▶ [What needs to be done] Within the entries below, the lines from the one with "ultimately show ?thesis using M(2) by auto" through the one with "H'(2) by auto" are to be set down exactly, both ends kept.
### Provided information
section \<open>Cliques\<close>

lemma Cl_transposed:
  assumes "(V, E) \<in> Cl k n s" "i \<in> V" "j \<in> V"
  shows "(V, transposed i j E) \<in> Cl k n s"
proof -
  obtain T where T: "T \<subseteq> V" "card T = k * s + k - 1" "E = {e. e \<subseteq> T \<and> card e = k}"
    using assms(1) by (auto simp: Cl_def)
  have V: "transpose i j ` V = V" using assms(2,3) by simp
  have "transposed i j E = {e. e \<subseteq> transpose i j ` T \<and> card e = k}"
  proof (rule set_eqI)
    show "x \<in> transposed i j E \<longleftrightarrow> x \<in> {e. e \<subseteq> transpose i j ` T \<and> card e = k}" for x
      unfolding T(3)
      by (simp only: mem_transposed mem_Collect_eq transpose_image_subset_iff card_transpose_image)
  qed
  moreover have "transpose i j ` T \<subseteq> V" "card (transpose i j ` T) = k * s + k - 1"
    using T V by auto
  ultimately show ?thesis using assms(1) by (auto simp: Cl_def)
qed

lemma clique_unpaired:
  assumes E': "E' = {e. e \<subseteq> T \<and> card e = k}" and T: "finite T"
    and C: "insert i C \<in> E'" "insert j C \<notin> E'" "i \<notin> C" "j \<notin> C"
  shows "i \<in> T" "j \<notin> T" "C \<subseteq> T - {i}" "card C = k - 1"
proof -
  have iC: "insert i C \<subseteq> T" "card (insert i C) = k"
    using C(1) unfolding E' by simp_all
  have "finite C" using finite_subset[OF iC(1) T] by simp
  then have "card C = k - 1" "card (insert j C) = k" using iC(2) C(3,4) by simp_all
  then show "j \<notin> T" using C(2) iC(1) unfolding E' by auto
  show "i \<in> T" "C \<subseteq> T - {i}" "card C = k - 1"
    using iC(1) C(3) \<open>card C = k - 1\<close> by auto
qed

lemma clique_room_matching:
  fixes k s :: nat
  assumes "s \<ge> 1" "k \<ge> 1"
  shows "(s - 1) * k \<le> (k * s + k - 1 - 1) - 2 * (k - 1)"
  using assms by (cases s; cases k) (auto simp: algebra_simps)

lemma clique_room_two_edges:
  fixes k s :: nat
  assumes "s \<ge> 2" "k \<ge> 1"
  shows "2 * (k - 1) + 1 \<le> k * s + k - 1 - 1"
  using assms by (cases s; cases k) (auto simp: algebra_simps)

lemma binomial_clique_lt_star:
  fixes k n :: nat
  assumes "k \<ge> 2" "n \<ge> 2 * k + 1"
  shows "(2 * k - 1) choose k < (n - 1) choose (k - 1)"
proof -
  obtain b where b: "k = Suc (Suc b)" using assms(1) by (metis add_2_eq_Suc le_Suc_ex)
  define m where "m = 2 * b + 3"
  have m: "2 * k - 1 = m" "k - 1 = Suc b" "m - k = Suc b" using b by (simp_all add: m_def)
  have "(2 * k - 1) choose k = m choose (m - k)"
    unfolding m(1) by (rule binomial_symmetric) (simp add: b m_def)
  also have "\<dots> < (m choose b) + (m choose (Suc b))"
    unfolding m(3) by (simp add: m_def)
  also have "\<dots> = Suc m choose (Suc b)"
    by (rule binomial_Suc_Suc[symmetric])
  also have "\<dots> \<le> (n - 1) choose (k - 1)"
    unfolding m(2) using assms b by (intro binomial_right_mono) (simp add: m_def)
  finally show ?thesis .
qed

definition star :: "nat set \<Rightarrow> nat \<Rightarrow> nat \<Rightarrow> nat set set" where
  "star V v k = insert v ` ksubsets (V - {v}) (k - 1)"

lemma card_star:
  assumes "finite V" "v \<in> V"
  shows "card (star V v k) = (card V - 1) choose (k - 1)"
proof -
  have "inj_on (insert v) (ksubsets (V - {v}) (k - 1))"
    by (rule inj_onI) (auto simp: ksubsets_def insert_ident)
  then have "card (star V v k) = card (ksubsets (V - {v}) (k - 1))"
    unfolding star_def by (rule card_image)
  also have "\<dots> = (card V - 1) choose (k - 1)"
    unfolding ksubsets_def using n_subsets[of "V - {v}" "k - 1"] assms by simp
  finally show ?thesis .
qed

lemma star_mem_Hk:
  assumes V: "finite V" "v \<in> V" and k: "1 \<le> k" "k \<le> card V"
  shows "(V, star V v k) \<in> Hk k (card V) 1"
proof -
  have sub: "star V v k \<subseteq> ksubsets V k"
  proof
    fix e assume "e \<in> star V v k"
    then obtain B where B: "B \<subseteq> V - {v}" "card B = k - 1" "e = insert v B"
      by (auto simp: star_def ksubsets_def)
    have "finite B" "v \<notin> B" using finite_subset[OF B(1)] V(1) B(1) by auto
    then show "e \<in> ksubsets V k" using B V(2) k(1) by (auto simp: ksubsets_def)
  qed
  have fin: "finite (star V v k)" using finite_subset[OF sub finite_ksubsets[OF V(1)]] .
  have "mu (star V v k) \<le> 1"
  proof (rule mu_le[OF fin])
    fix M assume M: "is_matching (star V v k) M"
    have "v \<in> e" if "e \<in> M" for e using M that by (auto simp: is_matching_def star_def)
    then have "\<forall>a\<in>M. \<forall>b\<in>M. a = b" using M unfolding is_matching_def by blast
    then show "card M \<le> 1"
      using finite_subset[of M "star V v k"] M fin by (auto simp: is_matching_def card_le_Suc0_iff_eq)
  qed
  moreover have "1 \<le> mu (star V v k)"
  proof -
    have "k - 1 \<le> card (V - {v})" using V k(2) by simp
    then obtain B where "B \<subseteq> V - {v}" "card B = k - 1" using obtain_subset_with_card_n by metis
    then have "is_matching (star V v k) {insert v B}"
      by (auto simp: is_matching_def star_def ksubsets_def)
    then show ?thesis using card_le_mu[OF fin] by fastforce
  qed
  ultimately show ?thesis
    using sub V by (simp add: Hk_def kgraph_iff_ksubsets)
qed

lemma Mk_one_not_Cl:
  assumes H: "H \<in> Mk k n 1" and k: "k \<ge> 2" and n: "n \<ge> 2 * k + 1"
  shows "H \<notin> Cl k n 1"
proof
  assume "H \<in> Cl k n 1"
  then obtain T where T: "T \<subseteq> fst H" "card T = 2 * k - 1" "snd H = {e. e \<subseteq> T \<and> card e = k}"
    by (auto simp: Cl_def)
  have H': "card (fst H) = n" "card (snd H) = mu_k k n 1" "finite (fst H)"
    using H by (auto simp: Mk_def Hk_def kgraph_def)
  have clique: "card (snd H) = (2 * k - 1) choose k"
    using T(2,3) n_subsets[OF finite_subset[OF T(1) H'(3)], of k] by simp
  obtain v where v: "v \<in> fst H" using H'(1) n by fastforce
  have "(fst H, star (fst H) v k) \<in> Hk k n 1"
    using star_mem_Hk[OF H'(3) v] k n H'(1) by simp
  then have "card (star (fst H) v k) \<le> card (snd H)"
    using card_le_mu_k H'(2) by (metis snd_conv)
  then have "(n - 1) choose (k - 1) \<le> (2 * k - 1) choose k"
    using card_star[OF H'(3) v] H'(1) clique by simp
  then show False using binomial_clique_lt_star[OF k n] by simp
qed

lemma clique_matching_avoiding:
  assumes T: "finite T" "card T = k * s + k - 1" "i \<in> T" "j \<notin> T" and s1: "s \<ge> 1" and k1: "k \<ge> 1"
    and XY: "X \<subseteq> T - {i}" "Y \<subseteq> T - {i}" "card X = k - 1" "card Y = k - 1" "X \<inter> Y = {}"
  shows "\<exists>M. is_matching {e. e \<subseteq> T \<and> card e = k} M \<and> card M = s - 1 \<and>
    (\<forall>e\<in>M. e \<inter> insert i (insert j (X \<union> Y)) = {})"
proof -
  define R where "R = T - {i} - (X \<union> Y)"
  have "finite X" "finite Y" using finite_subset[OF XY(1)] finite_subset[OF XY(2)] T(1) by auto
  then have "card (X \<union> Y) = 2 * (k - 1)" using XY(3-5) by (simp add: card_Un_disjoint)
  then have "card R = card (T - {i}) - 2 * (k - 1)"
    using XY(1,2) \<open>finite X\<close> \<open>finite Y\<close> by (simp add: R_def card_Diff_subset)
  then have room: "(s - 1) * k \<le> card R"
    using clique_room_matching[OF s1 k1] T by simp
  have "finite R" using T(1) by (simp add: R_def)
  then obtain M where M: "is_matching (ksubsets R k) M" "card M = s - 1"
    using exists_matching_ksubsets[OF _ room k1] by blast
  have "ksubsets R k \<subseteq> {e. e \<subseteq> T \<and> card e = k}" by (auto simp: ksubsets_def R_def)
  then have "is_matching {e. e \<subseteq> T \<and> card e = k} M"
    using M(1) by (auto simp: is_matching_def)
  moreover have "\<forall>e\<in>M. e \<inter> insert i (insert j (X \<union> Y)) = {}"
  proof
    fix e assume "e \<in> M"
    then have "e \<subseteq> R" using M(1) by (auto simp: is_matching_def ksubsets_def)
    then show "e \<inter> insert i (insert j (X \<union> Y)) = {}"
      using T(4) by (auto simp: R_def)
  qed
  ultimately show ?thesis using M(2) by auto
qed

lemma clique_link_uniform:
  assumes H: "H \<in> Mk k n s" and ij: "i \<noteq> j" "i \<in> fst H" "j \<in> fst H" and n: "n \<noteq> 2 * k"
    and T: "T \<subseteq> fst H" "card T = k * s + k - 1"
    and E': "snd (shift i j H) = {e. e \<subseteq> T \<and> card e = k}"
    and C: "i \<notin> C" "j \<notin> C" "insert i C \<in> snd (shift i j H)" "insert j C \<notin> snd (shift i j H)"
    and D: "i \<notin> D" "j \<notin> D" "insert i D \<in> snd (shift i j H)" "insert j D \<notin> snd (shift i j H)"
    and iC: "insert i C \<in> snd H"
  shows "insert i D \<in> snd H"
proof -
  have H': "kgraph k H" "card (fst H) = n" "mu (snd H) = s" and finV: "finite (fst H)"
    using H by (auto simp: Mk_def Hk_def kgraph_def)
  have finT: "finite T" using finite_subset[OF T(1) finV] .
  note Cu = clique_unpaired[OF E' finT C(3,4,1,2)] and Du = clique_unpaired[OF E' finT D(3,4,1,2)]
  have k1: "k \<ge> 1" using kgraph_edge_card_pos[OF H'(1) insertI1 iC] .
  have "insert i C \<subseteq> T" using Cu(1,3) by blast
  moreover have "card (insert i C) = k"
    using Cu(4) C(1) finite_subset[OF Cu(3) finite_Diff[OF finT]] k1 by simp
  ultimately have "k \<le> card T" using card_mono[OF finT] by metis
  then have s1: "s \<ge> 1" using T(2) k1 by (cases s) auto
  have "card T < n" using psubset_card_mono[OF finV] T(1) Cu(2) ij(3) H'(2) by auto
  then have n_big: "n \<ge> 2 * k + 1" using T(2) s1 n by (cases s) (auto simp: algebra_simps)
  show ?thesis
  proof (cases "k \<ge> 2 \<and> s = 1")
    case True
    have "shift i j H \<in> Cl k n s" using T E' H'(2) finV by (auto simp: Cl_def)
    then show ?thesis using True Mk_one_not_Cl[OF _ _ n_big] Mk_shift[OF H ij(2,1)] by simp
  next
    case False
    have finU: "finite (T - {i})" and iU: "i \<notin> T - {i}" "j \<notin> T - {i}" using finT Cu(2) by auto
    have "card (T - {i}) = k * s + k - 1 - 1" using T(2) Cu(1) finT by simp
    then have room: "k - 1 = 0 \<or> 2 * (k - 1) + 1 \<le> card (T - {i})"
      using clique_room_two_edges[OF _ k1] False s1 by (cases "k \<ge> 2") auto
    have link: "insert i X \<in> snd (shift i j H)" if X: "X \<subseteq> T - {i}" "card X = k - 1" for X
    proof -
      have "finite X" "i \<notin> X" using finite_subset[OF X(1) finU] X(1) by auto
      then show ?thesis using X k1 Cu(1) by (auto simp: E')
    qed
    have avoiding: "\<exists>M. is_matching (snd (shift i j H)) M \<and> card M = s - 1 \<and>
        (\<forall>e\<in>M. e \<inter> insert i (insert j (X \<union> Y)) = {})"
      if XY: "X \<subseteq> T - {i}" "Y \<subseteq> T - {i}" "card X = k - 1" "card Y = k - 1" "X \<inter> Y = {}"
      for X Y
      using clique_matching_avoiding[OF finT T(2) Cu(1,2) s1 k1 XY] unfolding E' .
    show ?thesis
      by (rule shift_link_uniform[OF kgraph_finite_edges[OF H'(1)] H'(3) s1 ij(1) finU iU room link
            avoiding Cu(3,4) iC Du(3,4)])
  qed
qed

lemma Cl_of_shift_Cl:
  assumes H: "H \<in> Mk k n s" and ij: "i \<in> fst H" "j \<in> fst H" "i \<noteq> j"
    and Cl: "shift i j H \<in> Cl k n s" and n: "n \<noteq> 2 * k"
  shows "H \<in> Cl k n s"
proof -
  obtain T where T: "T \<subseteq> fst H" "card T = k * s + k - 1"
    and E': "snd (shift i j H) = {e. e \<subseteq> T \<and> card e = k}"
    using Cl by (auto simp: Cl_def)
  have "snd H = snd (shift i j H) \<or> snd H = transposed i j (snd (shift i j H))"
  proof (rule shift_fixes_or_transposes[OF ij(3)])
    fix C D
    assume "i \<notin> C" "j \<notin> C" "insert i C \<in> snd (shift i j H)" "insert j C \<notin> snd (shift i j H)"
      "i \<notin> D" "j \<notin> D" "insert i D \<in> snd (shift i j H)" "insert j D \<notin> snd (shift i j H)"
      "insert i C \<in> snd H"
    then show "insert i D \<in> snd H" by (rule clique_link_uniform[OF H ij(3,1,2) n T E'])
  qed
  then show ?thesis using Cl by (rule mem_of_shift_fixed_or_transposed) (rule Cl_transposed[OF _ ij(1,2)])
qed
######
▶ [Output for this task]
  ultimately show ?thesis using M(2) by auto
qed

lemma clique_link_uniform:
  assumes H: "H \<in> Mk k n s" and ij: "i \<noteq> j" "i \<in> fst H" "j \<in> fst H" and n: "n \<noteq> 2 * k"
    and T: "T \<subseteq> fst H" "card T = k * s + k - 1"
    and E': "snd (shift i j H) = {e. e \<subseteq> T \<and> card e = k}"
    and C: "i \<notin> C" "j \<notin> C" "insert i C \<in> snd (shift i j H)" "insert j C \<notin> snd (shift i j H)"
    and D: "i \<notin> D" "j \<notin> D" "insert i D \<in> snd (shift i j H)" "insert j D \<notin> snd (shift i j H)"
    and iC: "insert i C \<in> snd H"
  shows "insert i D \<in> snd H"
proof -
  have H': "kgraph k H" "card (fst H) = n" "mu (snd H) = s" and finV: "finite (fst H)"
    using H by (auto simp: Mk_def Hk_def kgraph_def)
  have finT: "finite T" using finite_subset[OF T(1) finV] .
  note Cu = clique_unpaired[OF E' finT C(3,4,1,2)] and Du = clique_unpaired[OF E' finT D(3,4,1,2)]
  have k1: "k \<ge> 1" using kgraph_edge_card_pos[OF H'(1) insertI1 iC] .
  have "insert i C \<subseteq> T" using Cu(1,3) by blast
  moreover have "card (insert i C) = k"
    using Cu(4) C(1) finite_subset[OF Cu(3) finite_Diff[OF finT]] k1 by simp
  ultimately have "k \<le> card T" using card_mono[OF finT] by metis
  then have s1: "s \<ge> 1" using T(2) k1 by (cases s) auto
  have "card T < n" using psubset_card_mono[OF finV] T(1) Cu(2) ij(3) H'(2) by auto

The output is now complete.